Looks like the algo is more complicated, but surely implementable. In most modern architectures, the key for performance is how one exploits the caching behavior. Quicksort is very cache friendly, as well as the common implementation of merge sort. Not so for heapsort.
No, but mergesort can easily fall back to dumping its sorted contents to disk, for later merging; this disk-based merge sort was invented by van Neumann in the 1940s, and is how the unix utility sort works (dozen-way merge of sorted shards of a file).
Mergesort would be a poor choice for qsort() due to the linear space complexity. With N bytes of RAM, you'd only be able to sort (a bit less than) N/2 bytes of data. An in-place algorithm is preferable.
Glibc is the only libc I'm aware of that implements mergesort. It still falls back to quicksort for large inputs though.
If you are ever handling input data from basically anything outside of the program. Its better to use a constant speed algorithm like merge sort. Just because of attacks like this, I'm really surprised algorithm exploits attacks like this haven't come to the forefront of attacks recently.
Application level DDoS's leave the kernel/network/sockets layers exposed for exploitation. Since their tasks will take priority over user's applications.
> Application level DDoS's leave the kernel/network/sockets layers exposed for exploitation. Since their tasks will take priority over user's applications.
So what's the benefit of that, just that you can maximize the chaos you cause by attacking in two different ways?
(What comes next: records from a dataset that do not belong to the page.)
(* Let $K\subseteq\mathbb{Z}^{S}$ be an M-convex set on a finite ground-set $S$ and let $m$ be a decreasingly minimal element of $K$. Then every decreasingly minimal element of $K$ can be obtained from $m$ by a sequence of at most $|S|$ elementary steps.
   Context: An M-convex set is the set of integral points of an integral base-polyhedron. An element of $K$ is decreasingly minimal if its largest component is as small as possible, within this its second largest as small as possible, and so on. For a decreasingly minimal $m\in K$, an elementary step replaces $m$ by $m'=m+\chi_s-\chi_t$, where $s,t\in S$, $m'\in K$ and $m(t)=m(s)+1$ ($\chi_v$ the unit vector of $v$); the result is again decreasingly minimal. *)

theory Defs
  imports "HOL-Library.Extended_Real" "HOL-Library.Multiset" "HOL-Library.List_Lexorder"
begin

text \<open>Ground set S is modelled by a finite type 'a; vectors in Z^S are functions 'a => int.\<close>

definition integral_submodular :: "('a::finite set \<Rightarrow> ereal) \<Rightarrow> bool" where
  "integral_submodular b \<longleftrightarrow>
     b {} = 0 \<and> (\<exists>k::int. b UNIV = ereal (of_int k)) \<and>
     (\<forall>X. b X = \<infinity> \<or> (\<exists>k::int. b X = ereal (of_int k))) \<and>
     (\<forall>X Y. b (X \<inter> Y) + b (X \<union> Y) \<le> b X + b Y)"

definition base_points :: "('a::finite set \<Rightarrow> ereal) \<Rightarrow> ('a \<Rightarrow> int) set" where
  "base_points b = {x. (\<forall>Z. ereal (of_int (sum x Z)) \<le> b Z) \<and>
                        ereal (of_int (sum x UNIV)) = b UNIV}"

definition M_convex :: "('a::finite \<Rightarrow> int) set \<Rightarrow> bool" where
  "M_convex K \<longleftrightarrow> (\<exists>b. integral_submodular b \<and> K = base_points b)"

definition dec_vec :: "('a::finite \<Rightarrow> int) \<Rightarrow> int list" where
  "dec_vec x = rev (sorted_list_of_multiset (image_mset x (mset_set UNIV)))"

definition dec_min :: "('a::finite \<Rightarrow> int) set \<Rightarrow> ('a \<Rightarrow> int) \<Rightarrow> bool" where
  "dec_min K m \<longleftrightarrow> m \<in> K \<and>
     (\<forall>y\<in>K. (dec_vec y, dec_vec m) \<notin> lexord {(a, b). a < b})"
One attack and obfuscate the other. Like if you server is at 90% cpu use, and the vast majority of it is server application. You won't consider anything strange happening. You can keep attacking the system with strange algorithm exploits or stop. Nobody will expect an attack in the system since well last time I check the box was at 90% CPU, and it was the server. I'd check again, but maybe we just have a lot of traffic today or something similar.
Basically its the old, can't see the forest past the trees routine.
I think heapsort is a better replacement - in-place, guaranteed O(n log n) time (so also quite resistant to information leakage via timing disclosure, which could be important in higher security applications.)
Just in case anyone is curious, this does not effect any implementation of std::sort in C++ I am aware of.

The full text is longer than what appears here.